This project generates an in silico metatranscriptomic dataset based on specified parameters.
wget https://repo.anaconda.com/miniconda/Miniconda3-latest-Linux-x86_64.sh
bash Miniconda3-latest-Linux-x86_64.sh
conda create -n marbel python=3.10 r-base
conda activate marbel
Before cloning the repo you need to have git-lfs installed!
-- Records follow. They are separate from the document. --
text \<open>Column \<open>b\<close> of the matrix in \<open>Delta\<close> holds coordinate \<open>b + 1\<close>, so the row
  \<open>\<Lambda>\<^sub>a \<rho>\<^sub>W = e\<^sub>a\<close> has its entry \<open>1\<close> in column \<open>a - 1\<close>.\<close>

lemma Delta_ne_0_if_nondegenerate:
  assumes "n \<ge> 1" "l \<ge> 2" and nondeg: "k_nondegenerate n r l p"
    and rho_W: "LrhoW n r [] p = (\<lambda>m. if m = n+1 then c else 0)" "c \<noteq> 0"
    and Lam_rho_W: "\<And>a. a \<in> {1..n-1} \<Longrightarrow> LrhoW n r [a] p = (\<lambda>m. if m = a then 1 else 0)"
  shows "\<exists>is. length is = l \<and> sorted is \<and> set is \<subseteq> {1..n} \<and> Delta n r is p \<noteq> 0"
proof -
  define gens where "gens L = {LrhoW n r is p | is. sorted is \<and> set is \<subseteq> {1..n} \<and> length is \<le> L}" for L
  have E: "Espace n r L p = cspan (gens L)" for L
    unfolding Espace_def gens_def ..
  have full: "cspan (gens l) = cslice n" and proper: "cspan (gens (l-1)) \<noteq> cspan (gens l)"
    using nondeg unfolding k_nondegenerate_def E by auto
  have "(\<lambda>j. if j = n then 1 else 0) \<in> cspan (gens l)"
    using full \<open>n \<ge> 1\<close> by (auto simp: cslice_def)
  then obtain "is" where "is": "sorted is" "set is \<subseteq> {1..n}" "length is \<le> l" and v_n: "LrhoW n r is p n \<noteq> 0"
    using cspan_coordinate_eq_0[of _ "gens l" n] unfolding gens_def by force
  have "length is = l"
  proof (rule ccontr)
    assume "length is \<noteq> l"
    then have "LrhoW n r is p \<in> gens (l-1)"
      using "is" unfolding gens_def by force
    moreover have "LrhoW n r [] p \<in> gens (l-1)"
      unfolding gens_def by force
    moreover have "LrhoW n r [a] p \<in> gens (l-1)" if "a \<in> {1..n-1}" for a
      using that \<open>l \<ge> 2\<close> unfolding gens_def by force
    moreover have "LrhoW n r is p \<in> cslice n"
      by (simp add: cslice_def LrhoW_def)
    ultimately have "cslice n \<subseteq> cspan (gens (l-1))"
      using Lam_rho_W
      by (intro cslice_subset_cspan[where u = "LrhoW n r [] p" and v = "LrhoW n r is p", OF _ rho_W _ _ _ v_n])
        (auto intro: cspan_superset)
    moreover have "cspan (gens (l-1)) \<subseteq> cspan (gens l)"
      by (rule cspan_mono) (auto simp: gens_def)
    ultimately show False
      using full proper by blast
  qed
  moreover have "Delta n r is p \<noteq> 0"
    unfolding Delta_def using \<open>n \<ge> 1\<close> v_n rho_W Lam_rho_W
    by (intro det_ne_0_if_unit_rows[where c = c]) auto
  ultimately show ?thesis
    using "is" by blast
qed

lemma vector_derivative_eqI_quadratic_remainder:
  fixes h :: "real \<Rightarrow> complex"
  assumes "e > 0" and remainder: "\<And>t. \<bar>t\<bar> < e \<Longrightarrow> cmod (h t - h 0 - of_real t * D) \<le> K * t\<^sup>2"
  shows "vector_derivative h (at 0) = D"
proof -
  have "((\<lambda>t. cmod (h t - h 0 - t *\<^sub>R D) / \<bar>t\<bar>) \<longlongrightarrow> 0) (at 0)"
  proof (rule Lim_null_comparison)
    have "cmod (h t - h 0 - t *\<^sub>R D) / \<bar>t\<bar> \<le> \<bar>K\<bar> * \<bar>t\<bar>" if "t \<noteq> 0" "\<bar>t\<bar> < e" for t
    proof -
      have "cmod (h t - h 0 - t *\<^sub>R D) \<le> (\<bar>K\<bar> * \<bar>t\<bar>) * \<bar>t\<bar>"
        using remainder[OF that(2)] abs_ge_self[of K]
        by (simp add: scaleR_conv_of_real power2_eq_square mult.assoc)
           (metis abs_mult_self_eq mult_right_mono order_trans zero_le_mult_iff abs_ge_zero)
      then show ?thesis
        using that(1) by (simp add: divide_le_eq)
    qed
    then show "\<forall>\<^sub>F t in at 0. norm (cmod (h t - h 0 - t *\<^sub>R D) / \<bar>t\<bar>) \<le> \<bar>K\<bar> * \<bar>t\<bar>"
      unfolding eventually_at using \<open>e > 0\<close> by (intro exI[of _ e]) auto
    show "((\<lambda>t. \<bar>K\<bar> * \<bar>t\<bar>) \<longlongrightarrow> 0) (at (0::real))"
      by (auto intro!: tendsto_eq_intros)
  qed
  then have "(h has_vector_derivative D) (at 0)"
    unfolding has_vector_derivative_def has_derivative_iff_norm
    by (simp add: bounded_linear_scaleR_left)
  then show ?thesis
    by (rule vector_derivative_at)
qed

lemma Im_vector_derivative_eq_0:
  fixes f :: "real \<Rightarrow> complex"
  assumes "f differentiable (at 0)" "e > 0" "\<And>t. \<bar>t\<bar> < e \<Longrightarrow> Im (f t) = 0"
  shows "Im (vector_derivative f (at 0)) = 0"
proof -
  have "((\<lambda>t. Im (f t)) has_real_derivative Im (vector_derivative f (at 0))) (at 0)"
    using assms(1) by (intro has_field_derivative_Im) (simp add: vector_derivative_works)
  then have "((\<lambda>t. 0) has_real_derivative Im (vector_derivative f (at 0))) (at 0)"
    by (rule has_field_derivative_transform_within[where d = e]) (use assms in auto)
  then show ?thesis
    using DERIV_const DERIV_unique by blast
qed

lemma mixed_difference_mean_value:
  fixes f fx fxy :: "real \<Rightarrow> real \<Rightarrow> real"
  assumes "s > 0"
    and dx: "\<And>x y. 0 \<le> x \<Longrightarrow> x \<le> s \<Longrightarrow> 0 \<le> y \<Longrightarrow> y \<le> s \<Longrightarrow> ((\<lambda>x. f x y) has_real_derivative fx x y) (at x)"
    and dy: "\<And>x y. 0 \<le> x \<Longrightarrow> x \<le> s \<Longrightarrow> 0 \<le> y \<Longrightarrow> y \<le> s \<Longrightarrow> ((\<lambda>y. fx x y) has_real_derivative fxy x y) (at y)"
  shows "\<exists>\<xi> \<eta>. 0 < \<xi> \<and> \<xi> < s \<and> 0 < \<eta> \<and> \<eta> < s \<and> f s s - f 0 s - f s 0 + f 0 0 = s\<^sup>2 * fxy \<xi> \<eta>"
proof -
  have "\<exists>\<xi>. 0 < \<xi> \<and> \<xi> < s \<and> (f s s - f s 0) - (f 0 s - f 0 0) = (s - 0) * (fx \<xi> s - fx \<xi> 0)"
    by (rule MVT2[OF \<open>s > 0\<close>]) (use \<open>s > 0\<close> in \<open>auto intro!: DERIV_diff dx\<close>)
  then obtain \<xi> where \<xi>: "0 < \<xi>" "\<xi> < s"
    and "(f s s - f s 0) - (f 0 s - f 0 0) = (s - 0) * (fx \<xi> s - fx \<xi> 0)"
    by blast
  moreover have "\<exists>\<eta>. 0 < \<eta> \<and> \<eta> < s \<and> fx \<xi> s - fx \<xi> 0 = (s - 0) * fxy \<xi> \<eta>"
    by (rule MVT2[OF \<open>s > 0\<close>]) (use \<xi> in \<open>auto intro!: dy\<close>)
  then obtain \<eta> where "0 < \<eta>" "\<eta> < s" and "fx \<xi> s - fx \<xi> 0 = (s - 0) * fxy \<xi> \<eta>"
    by blast
  ultimately show ?thesis
    by (intro exI[of _ \<xi>] exI[of _ \<eta>]) (simp add: power2_eq_square algebra_simps)
qed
If you do not have git-lfs and root rights install with
sudo apt-get install git-lfs
If you do not have root permission, install it in the Conda env:
conda install anaconda::git-lfs
Now we need to initialize Git LFS:
git lfs install
If you already cloned the repo, remove it, install git-lfs and clone again.
sudo apt-get install g++
git clone https://github.com/jlab/marbel.git
cd marbel
pip install -e .
It is recomended to install the package with conda install.
Build the package with:
conda build .
For this you need to have conda-build installed (conda install conda-build
)
Create new environment and install package:
conda create -n marbel
conda activate marbel
conda install --use-local marbel
To get help on how to use the script, run:
marbel --help
# Usage: marbel [OPTIONS]
## Options:
- `--n-species` **INTEGER**
Number of species to be drawn for the metatranscriptomic in silico dataset.
**[default: 20]**
- `--n-orthogroups` **INTEGER**
Number of orthologous groups to be drawn for the metatranscriptomic in silico dataset.
**[default: 1000]**
- `--n-samples` **<INTEGER INTEGER>...**
Number of samples to be created for the metatranscriptomic in silico dataset. The first number represents the number of samples for group 1, and the second is for group 2.
**[default: 10, 10]**
- `--outdir` **TEXT**
Output directory for the metatranscriptomic in silico dataset.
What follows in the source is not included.